Monday, March 28, 2016

Classic #8

I read this book for the Back to the Classics Challenge 2016.

London Labour and the London Poor - Henry Mayhew

Mayhew was a pioneering investigative reporter. His articles narrated the lives of homeless vagrants, street sellers and laborers who did the dirty, dangerous, disgusting jobs in 19th century London. Mayhew interviewed his subjects about their lives and thus was one of the first to conduct ethnography. He has been respected as an early sociologist (he loved statistics), anthropologist and oral historian a la Studs Terkel.

Mayhew’s lively exposition has a vital, energetic tone that is quite engaging. He doesn’t allow his own opinions to intrude except parenthetically but sometimes he tells us that even he, a guy who has seen everything, can be surprised.
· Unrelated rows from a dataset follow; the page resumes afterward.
(* Let $M$ be a smooth manifold, $(\mathbf{J}_1,\mathbf{J}_2)$ a generalized Kähler structure with associated bihermitian data $(g,b,I,J)$, and $K\in\Lambda^2T^*M$ a real 2-form. Then $[\Phi_K(\mathbf{J}_1),\mathbf{J}_2]=[\Phi_K(\mathbf{J}_2),\mathbf{J}_1]$ if and only if $K\in\Lambda^{1,1}_J$ (equivalently $KJ=-J^*K$ as maps $T\to T^*$).
   Context: A generalized Kähler structure is a pair of commuting integrable generalized complex structures $(\mathbf{J}_1,\mathbf{J}_2)$ on $T\oplus T^*$ (w.r.t. an $H$-twisted Courant bracket) such that $\langle -\mathbf{J}_1\mathbf{J}_2\cdot,\cdot\rangle$ is positive definite, $\langle X+\xi,Y+\eta\rangle=\tfrac12(\xi(Y)+\eta(X))$. It corresponds to bihermitian data $(g,b,I,J)$ via the Gualtieri map $\mathbf{J}_{1/2}=\tfrac12 e^b\begin{pmatrix} I\pm J & -(\omega_I^{-1}\mp\omega_J^{-1})\\ \omega_I\mp\omega_J & -(I^*\pm J^* )\end{pmatrix}e^{-b}$, with $\omega_I=gI$, $\omega_J=gJ$ as maps $T\to T^*$. For a 2-form $K$, $e^K(X+\xi)=X+\xi+K(X,\cdot)$ and $\Phi_K(\mathbf{J})=[\mathbf{J},e^K\mathbf{J}]$. $\Lambda^{1,1}_J$ is the space of real 2-forms with $K(JX,JY)=K(X,Y)$. *)

theory Defs
  imports "HOL-Analysis.Analysis"
begin

text \<open>Pointwise (fibrewise) linear algebra at a point of M.
  T = real^'n, T* = real^'n (covectors, pairing xi(Y) = xi \<bullet> Y).
  Sections of T + T* at a point are pairs (X, xi).\<close>

type_synonym ('n) gvec = "(real^'n) \<times> (real^'n)"

definition bform :: "real^'n::finite^'n \<Rightarrow> real^'n \<Rightarrow> real^'n \<Rightarrow> real" where
  "bform B X Y = X \<bullet> (B *v Y)"

text \<open>flat B : T -> T*, X |-> B(X,.)\<close>
definition flat :: "real^'n::finite^'n \<Rightarrow> real^'n \<Rightarrow> real^'n" where
  "flat B X = transpose B *v X"

text \<open>dual map A^* : T* -> T*, xi |-> xi o A\<close>
definition dualmap :: "real^'n::finite^'n \<Rightarrow> real^'n \<Rightarrow> real^'n" where
  "dualmap A xi = transpose A *v xi"

definition bexp :: "real^'n::finite^'n \<Rightarrow> ('n::finite) gvec \<Rightarrow> ('n::finite) gvec" where
  "bexp B v = (fst v, snd v + flat B (fst v))"

text \<open>omega_I = g I as a map T -> T*, as a matrix: X |-> g(IX,.)\<close>
definition omega :: "real^'n::finite^'n \<Rightarrow> real^'n^'n \<Rightarrow> real^'n^'n" where
  "omega g I = transpose g ** I"

text \<open>Gualtieri map (the upper sign gives J_1, the lower sign J_2).\<close>
definition gualt1 :: "real^'n::finite^'n \<Rightarrow> real^'n^'n \<Rightarrow> real^'n^'n \<Rightarrow> real^'n^'n \<Rightarrow> ('n::finite) gvec \<Rightarrow> ('n::finite) gvec" where
  "gualt1 g b I J = bexp b \<circ>
     (\<lambda>v. (1/2) *\<^sub>R ((I + J) *v fst v - (matrix_inv (omega g I) - matrix_inv (omega g J)) *v snd v,
                     (omega g I - omega g J) *v fst v - (dualmap I (snd v) + dualmap J (snd v))))
     \<circ> bexp (- b)"

definition gualt2 :: "real^'n::finite^'n \<Rightarrow> real^'n^'n \<Rightarrow> real^'n^'n \<Rightarrow> real^'n^'n \<Rightarrow> ('n::finite) gvec \<Rightarrow> ('n::finite) gvec" where
  "gualt2 g b I J = bexp b \<circ>
     (\<lambda>v. (1/2) *\<^sub>R ((I - J) *v fst v - (matrix_inv (omega g I) + matrix_inv (omega g J)) *v snd v,
                     (omega g I + omega g J) *v fst v - (dualmap I (snd v) - dualmap J (snd v))))
     \<circ> bexp (- b)"

definition comm :: "(('n::finite) gvec \<Rightarrow> ('n::finite) gvec) \<Rightarrow> (('n::finite) gvec \<Rightarrow> ('n::finite) gvec) \<Rightarrow> ('n::finite) gvec \<Rightarrow> ('n::finite) gvec" where
  "comm A B = (\<lambda>v. A (B v) - B (A v))"

definition PhiK :: "real^'n::finite^'n \<Rightarrow> (('n::finite) gvec \<Rightarrow> ('n::finite) gvec) \<Rightarrow> ('n::finite) gvec \<Rightarrow> ('n::finite) gvec" where
  "PhiK K A = comm A (bexp K \<circ> A)"

definition two_form :: "real^'n::finite^'n \<Rightarrow> bool" where
  "two_form K \<longleftrightarrow> transpose K = - K"

definition Lambda11 :: "real^'n::finite^'n \<Rightarrow> (real^'n^'n) set" where
  "Lambda11 J = {K. two_form K \<and> (\<forall>X Y. bform K (J *v X) (J *v Y) = bform K X Y)}"
(* Let $i\in I$ and suppose there is $k\in I$ with $C_{k,i}<-1$. Then for every $w\in W$ the monomial $Y_{w(\omega_i),1}:=T_w(Y_{i,1})$ is a Laurent monomial in the elements $W_{j,b}$, $j\in I$, $b\in\mathbb{C}^\times$.
   Context: Let $\mathfrak{g}$ be a finite-dimensional simple complex Lie algebra with Dynkin index set $I$, Cartan matrix $C=(C_{i,j})$, symmetrizing integers $d_i$ (relatively prime, $(d_iC_{i,j})$ symmetric), lacing number $d=\max_i d_i$, fundamental weights $\omega_i$ and Weyl group $W$. Fix $q\in\mathbb{C}^\times$ not a root of unity, $q_i=q^{d_i}$. Let $\mathcal{Y}=\mathbb{Z}[Y_{i,a}^{\pm1}]_{i\in I,a\in\mathbb{C}^\times}$ and $A_{i,a}=Y_{i,aq_i^{-1}}Y_{i,aq_i}\big(\prod_{C_{j,i}=-1}Y_{j,a}\prod_{C_{j,i}=-2}Y_{j,aq^{-1}}Y_{j,aq}\prod_{C_{j,i}=-3}Y_{j,aq^{-2}}Y_{j,a}Y_{j,aq^2}\big)^{-1}$. Chari operators: ring automorphisms $T_i$ of $\mathcal{Y}$ with $T_i(Y_{i,a})=Y_{i,a}A_{i,aq_i}^{-1}$, $T_i(Y_{j,a})=Y_{j,a}$ ($j\ne i$); they satisfy the braid relations and $T_w:=T_{i_1}\cdots T_{i_k}$ for a reduced decomposition $w=s_{i_1}\cdots s_{i_k}$. $W_{j,b}$ denotes $Y_{j,b}$ if $d_j=d$, $Y_{j,bq^{-1}}Y_{j,bq}$ if $d_j=d-1$, $Y_{j,bq^{-2}}Y_{j,b}Y_{j,bq^2}$ if $d_j=d-2$. *)

theory Defs
  imports Complex_Main "HOL-Library.Poly_Mapping"
begin

text \<open>A matrix is the Cartan matrix of a finite-dimensional
 simple Lie algebra iff it is an indecomposable generalized Cartan matrix which is
 symmetrizable with positive definite symmetrization (finite type).\<close>

definition simple_cartan :: "('i::finite \<Rightarrow> 'i \<Rightarrow> int) \<Rightarrow> ('i \<Rightarrow> nat) \<Rightarrow> bool" where
  "simple_cartan C d \<longleftrightarrow>
     (\<forall>i. C i i = 2) \<and>
     (\<forall>i j. i \<noteq> j \<longrightarrow> C i j \<le> 0) \<and>
     (\<forall>i j. C i j = 0 \<longleftrightarrow> C j i = 0) \<and>
     (\<forall>i. 0 < d i) \<and>
     (\<forall>i j. int (d i) * C i j = int (d j) * C j i) \<and>
     Gcd (range d) = 1 \<and>
     (\<forall>x :: 'i \<Rightarrow> real. (\<exists>i. x i \<noteq> 0) \<longrightarrow>
        (\<Sum>i\<in>UNIV. \<Sum>j\<in>UNIV. real_of_int (int (d i) * C i j) * x i * x j) > 0) \<and>
     (\<forall>J :: 'i set. J \<noteq> {} \<and> J \<noteq> UNIV \<longrightarrow> (\<exists>j\<in>J. \<exists>k. k \<notin> J \<and> C j k \<noteq> 0))"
He interviews a maker of false eyes:
He then took the lids off a couple of boxes that stood on the table; they each contained 190 different eyes, and so like nature that the effect produced upon a person unaccustomed to the sight was most peculiar and far from pleasant. They all seemed to be staring directly at the spectator, and occasioned a feeling somewhat similar to the bewilderment one experiences on suddenly becoming an object of general notice. The eyes of the whole world literally appeared to be fixed upon you, and it was almost impossible for the spectator at first to look at them without instinctively averting his head. The hundred eyes of Argus were positively insignificant in comparison with the 380 belonging to the human eye maker.
More typically, he steps aside and gives us the interviewees’ words, in this case those of an 18-year-old woman who sold fruits and vegetables on the street:
Only last night father was talking about religion. We often talks about religion. Father has told me that God made the world, and I've heerd him talk about the first man and woman as was made and lived -- it must be more than a hundred years ago -- but I don't like to speak on what I don't know. Father, too, has told me about our Saviour what was nailed on a cross to suffer for such poor people as we is. Father has told us, too, about his giving a great many poor people a penny loaf and a bit of fish each, which proves him to have been a very kind gentleman. The Ten Commandments was made by him, I've heerd say, and he performed them too among other miracles. Yes! this is part of what our Saviour tells us. We are to forgive everybody, and do nobody no injury. I don't think I could forgive an enemy if she injured me very much; I'm sure I don't know why I couldn't, unless it is that I'm poor, and never learnt to do it. If a gal stole my shawl and didn't return it back or give me the value on it, I couldn't forgive her; but if she told me she lost it off her back, I shouldn't be so hard on her. We poor gals ain't very religious, but we are better than the men.
As a collection of sketches topically arranged, it is not a book that one reads through. Any serious reader who wants background information to enjoy more deeply The  Big Three - Dickens, Trollope, Thackeray – should at least dip into this book, which is available on the web here and there.

Even reading gluttons – like me, who can read anything – probably ought to read it for 40 or 50 minutes and then go do something else. Like contemplate a society in which there is no social safety net, where government counts on four ends for the poor: the grave, the prison and scaffold, the armed services, and emigration.